Ana D´Avila | O louco da pandemia

Olhando de longe, ele parecia uma pessoa normal. Mas de perto, era a própria essência da insanidade. Aposentou-se cedo, e dava para perceber o motivo de tal precocidade: tudo indicava uma pane psicológica. Talvez uns surtos no emprego, talvez tanta coisa inimaginável. Enfim, completava 58 anos de idade.

Num de seus múltiplos e tresloucados gestos existenciais, resolveu mudar de vida. Saiu de Porto Alegre numa manhã de primavera, depois de contemplar uns artesanatos no Brique da Redenção, do qual era fervoroso frequentador. Após tais passeios, tinha o hábito de rumar para a churrascaria Barranco. Lá, sempre se embebedava, se enchia de filezinho no espeto, esquecendo sua mulher e filho.

Do Barranco, naquele dia de sol e brisa, seguiu direto para a Rodoviária, deixando tudo para trás. Até a chave do carro, a mulher, o filho e a biblioteca. "Vou morar na praia", resmungou seu íntimo.
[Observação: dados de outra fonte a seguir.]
text \<open>plegma pair of k-element sets (elements indexed from 0 here)\<close>
definition plegma :: "nat \<Rightarrow> nat set \<Rightarrow> nat set \<Rightarrow> bool" where
  "plegma k s1 s2 \<longleftrightarrow>
     (let l1 = sorted_list_of_set s1; l2 = sorted_list_of_set s2 in
       (\<forall>i<k. l1 ! i < l2 ! i) \<and> (\<forall>i. Suc i < k \<longrightarrow> l2 ! i < l1 ! Suc i))"

definition subordinated :: "nat set \<Rightarrow> nat \<Rightarrow> (nat set \<Rightarrow> 'a::real_normed_vector)
    \<Rightarrow> (nat set \<Rightarrow> 'a) \<Rightarrow> bool" where
  "subordinated M k x \<phi> \<longleftrightarrow>
     continuous_map (subtopology cantor_topology (nsets_le M k)) weak_topology \<phi> \<and>
     (\<forall>s\<in>[M]\<^bsup>k\<^esup>. \<phi> s = x s)"

definition canonical_tree_decomposition ::
  "(nat \<Rightarrow> 'a::banach) \<Rightarrow> nat set \<Rightarrow> nat \<Rightarrow> (nat set \<Rightarrow> 'a) \<Rightarrow> (nat set \<Rightarrow> 'a) \<Rightarrow> bool" where
  "canonical_tree_decomposition e L k x y \<longleftrightarrow>
     (\<forall>s\<in>[L]\<^bsup>k\<^esup>. x s = (\<Sum>j\<le>k. y (restr s j))) \<and>
     (\<forall>t\<in>nsets_le L k. t \<noteq> {} \<longrightarrow> finite (supp e (y t))) \<and>
     (\<forall>s\<in>[L]\<^bsup>k\<^esup>. \<forall>j1 j2. 1 \<le> j1 \<and> j1 < j2 \<and> j2 \<le> k \<longrightarrow>
        set_less (supp e (y (restr s j1))) (supp e (y (restr s j2)))) \<and>
     (\<forall>s1\<in>[L]\<^bsup>k\<^esup>. \<forall>s2\<in>[L]\<^bsup>k\<^esup>. plegma k s1 s2 \<longrightarrow>
        (\<forall>j1 j2. 1 \<le> j1 \<and> j1 \<le> j2 \<and> j2 \<le> k \<longrightarrow>
           set_less (supp e (y (restr s1 j1))) (supp e (y (restr s2 j2))))) \<and>
     (\<forall>s1\<in>[L]\<^bsup>k\<^esup>. \<forall>s2\<in>[L]\<^bsup>k\<^esup>. plegma k s1 s2 \<longrightarrow>
        (\<forall>j1 j2. 1 \<le> j1 \<and> j1 < j2 \<and> j2 \<le> k \<longrightarrow>
           set_less (supp e (y (restr s2 j1))) (supp e (y (restr s1 j2)))))"
(* Upper bound: let (A1, A2) be a subgame-perfect outcome, (O1, O2) an optimum and B the reply
   of player 2 to O1. Equilibrium gives C1(A1,A2) <= C1(O1,B), C2(A1,A2) <= C2(A1,B) and
   C2(O1,B) <= C2(O1,O2). If rho >= 1 and w1 w2 <= (rho - 1)(w1^2 + w2^2), a check of the 32
   membership patterns of a single resource yields
     C2(A1,B) + rho C1(O1,B) <= (rho - 1) C1(A1,A2) + rho C1(O1,O2) + rho C2(O1,B),
   and chaining these inequalities gives C(A1,A2) <= rho C(O1,O2).
   Lower bound: both players start at the same vertex; a shared arc with cost x leads to a
   junction with free arcs to both sinks, and each player also has a direct arc of constant
   cost (w1 for player 1, w1 + w2 for player 2). If player 1 takes the shared route, player 2 is
   indifferent and may take the direct arc, giving social cost w1^2 + w1 w2 + w2^2 against the
   optimum w1^2 + w2^2. *)

lemma cost1_restrict_singleton:
  "cost1 \<alpha> \<beta> w1 w2 (A1 \<inter> {r}) (A2 \<inter> {r}) =
     (if r \<in> A1 then w1 * (\<alpha> r + \<beta> r * load w1 w2 A1 A2 r) else 0)"
  by (simp add: cost1_def load_def)

lemma cost2_restrict_singleton:
  "cost2 \<alpha> \<beta> w1 w2 (A1 \<inter> {r}) (A2 \<inter> {r}) =
     (if r \<in> A2 then w2 * (\<alpha> r + \<beta> r * load w1 w2 A1 A2 r) else 0)"
  by (simp add: cost2_def load_def)

lemma cost1_sum_resources:
  assumes "finite R" and "A1 \<subseteq> R"
  shows "cost1 \<alpha> \<beta> w1 w2 A1 A2 = (\<Sum>r\<in>R. cost1 \<alpha> \<beta> w1 w2 (A1 \<inter> {r}) (A2 \<inter> {r}))"
proof -
  have "cost1 \<alpha> \<beta> w1 w2 A1 A2 = (\<Sum>r\<in>R \<inter> A1. w1 * (\<alpha> r + \<beta> r * load w1 w2 A1 A2 r))"
    using assms(2) by (simp add: cost1_def sum_distrib_left Int_absorb1 Int_absorb2)
  also have "\<dots> = (\<Sum>r\<in>R. cost1 \<alpha> \<beta> w1 w2 (A1 \<inter> {r}) (A2 \<inter> {r}))"
    by (simp add: sum.inter_restrict[OF assms(1)] cost1_restrict_singleton)
  finally show ?thesis .
qed

lemma cost2_sum_resources:
  assumes "finite R" and "A2 \<subseteq> R"
  shows "cost2 \<alpha> \<beta> w1 w2 A1 A2 = (\<Sum>r\<in>R. cost2 \<alpha> \<beta> w1 w2 (A1 \<inter> {r}) (A2 \<inter> {r}))"
proof -
  have "cost2 \<alpha> \<beta> w1 w2 A1 A2 = (\<Sum>r\<in>R \<inter> A2. w2 * (\<alpha> r + \<beta> r * load w1 w2 A1 A2 r))"
    using assms(2) by (simp add: cost2_def sum_distrib_left Int_absorb1 Int_absorb2)
  also have "\<dots> = (\<Sum>r\<in>R. cost2 \<alpha> \<beta> w1 w2 (A1 \<inter> {r}) (A2 \<inter> {r}))"
    by (simp add: sum.inter_restrict[OF assms(1)] cost2_restrict_singleton)
  finally show ?thesis .
qed
lemma equiv_coend_eqv: "equiv (topspace (coend_sum P k l' l'')) (coend_eqv P k l' l'')"
  unfolding coend_eqv_def by (rule equiv_Id_on_Un_trancl[OF coend_gen_subset])

lemma coend_eval_respects: "coend_eval P l' respects coend_eqv P k l' l''"
proof -
  have "coend_eval P l' (b, Comp P (TenM P \<kappa> (Ident P l')) \<psi>, \<phi>) = coend_eval P l' (a, \<psi>, Comp P \<phi> \<kappa>)"
    if "\<kappa> \<in> hom P a b" "\<psi> \<in> hom P k (TenO P a l')" "\<phi> \<in> hom P b l''" for a b \<kappa> \<psi> \<phi>
    using coend_eval_Comp_left[OF that(2,1,3)] by simp
  then have "coend_eval P l' respects coend_gen P k l' l''"
    unfolding congruent_def coend_gen_def by blast
  then show ?thesis
    unfolding coend_eqv_def by (rule congruent_Id_on_Un_trancl)
qed

lemma coend_eqv_canonical:
  assumes "x \<in> topspace (coend_sum P k l' l'')"
  shows "(x, (l'', coend_eval P l' x, Ident P l'')) \<in> coend_eqv P k l' l''"
proof -
  obtain l \<psi> \<phi> where x: "x = (l, \<psi>, \<phi>)" "\<psi> \<in> hom P k (TenO P l l')" "\<phi> \<in> hom P l l''"
    using assms by (auto simp: topspace_coend_sum)
  then have "((l'', coend_eval P l' x, Ident P l''), (l, \<psi>, Comp P (Ident P l'') \<phi>)) \<in> coend_gen P k l' l''"
    unfolding coend_gen_def using Ident_hom by auto
  then show ?thesis
    using x Comp_Ident_left unfolding coend_eqv_def by auto
qed

lemma continuous_map_TenM_Ident:
  "continuous_map (Hom P a b) (Hom P (TenO P a c) (TenO P b c)) (\<lambda>\<phi>. TenM P \<phi> (Ident P c))"
  using continuous_map_compose[OF continuous_map_dprod_const_right continuous_map_TenM]
  by (simp add: o_def delta_generated_Hom Ident_hom)

lemma continuous_map_coend_eval:
  "continuous_map (coend_sum P k l' l'') (Hom P k (TenO P l'' l')) (coend_eval P l')"
  unfolding coend_sum_def
proof (rule continuous_map_sum_topologyI)
  fix l
  have "continuous_map (dprod (Hom P k (TenO P l l')) (Hom P l l''))
      (dprod (Hom P k (TenO P l l')) (Hom P (TenO P l l') (TenO P l'' l')))
      (\<lambda>(\<psi>, \<phi>). (\<psi>, TenM P \<phi> (Ident P l')))"
    by (rule continuous_map_dprod_right[OF continuous_map_TenM_Ident])
  from continuous_map_compose[OF this continuous_map_Comp]
  show "continuous_map (dprod (Hom P k (TenO P l l')) (Hom P l l'')) (Hom P k (TenO P l'' l'))
      (\<lambda>z. coend_eval P l' (l, z))"
    by (simp add: o_def case_prod_unfold coend_eval_def)
qed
E foi mesmo. Direto para Capão da Canoa. Lá chegando, tratou de alugar um apartamentinho, onde jurou que ficaria até morrer.

Passaram-se longos e doidos, três anos. Conheceu todo mundo na cidade. O prefeito, os jornalistas aposentados e amantes dos etílicos, o padre, os surfistas e um grupo que praticava meditação de zen-budismo. E todos o olhavam com certa desconfiança, não acreditando muito em sua confusa história de vida.

Até que no foguetório da entrada de ano de 2020, viu seus sonhos, definitivamente, desmoronarem. A moça da praia com quem, agora vivia, o deixou, a exemplo da família que ele esqueceu em Porto Alegre. Fez dívidas, várias tatuagens no corpo, colocou um piercing e virou frequentador assíduo dos quiosques da beira da praia.

No mês de março, já havia notícias do tal vírus, o ameaçador “corona”. Aí, ele endoidou de vez. Achava que iria morrer. Não teve mais aqueles sonos tranquilos que o ar marítimo proporcionava. Mergulhou no álcool. Literalmente. Álcool gel nas mãos, na caipirinha e no estômago.

Tudo virou ainda mais do avesso. E não tinha como voltar atrás. Nem mudar de cidade, de estado ou de país. O mundo era um caos só. E ele cada vez mais doido.

Num dia de sol intenso, foi visto carregando seu guarda-sol e cadeira de praia, rumo ao mar. A praia estava proibida. A Brigada Militar, volta e meia, fazia ronda no local para evitar aglomerações. Mas ele, em sua loucura, já não tinha medo nem certeza de mais nada. De calção de praia, praticamente nu e de máscara cirúrgica, sentou-se para fitar o mar. Ficou lá, se bronzeando e pensando na pandemia. O sol já tinha desenhado a máscara em sua pele. Mas ele nem ligava. Ficou lá, amortecido de doideira, sem ao menos piscar. Sem ao menos entender os reveses da existência.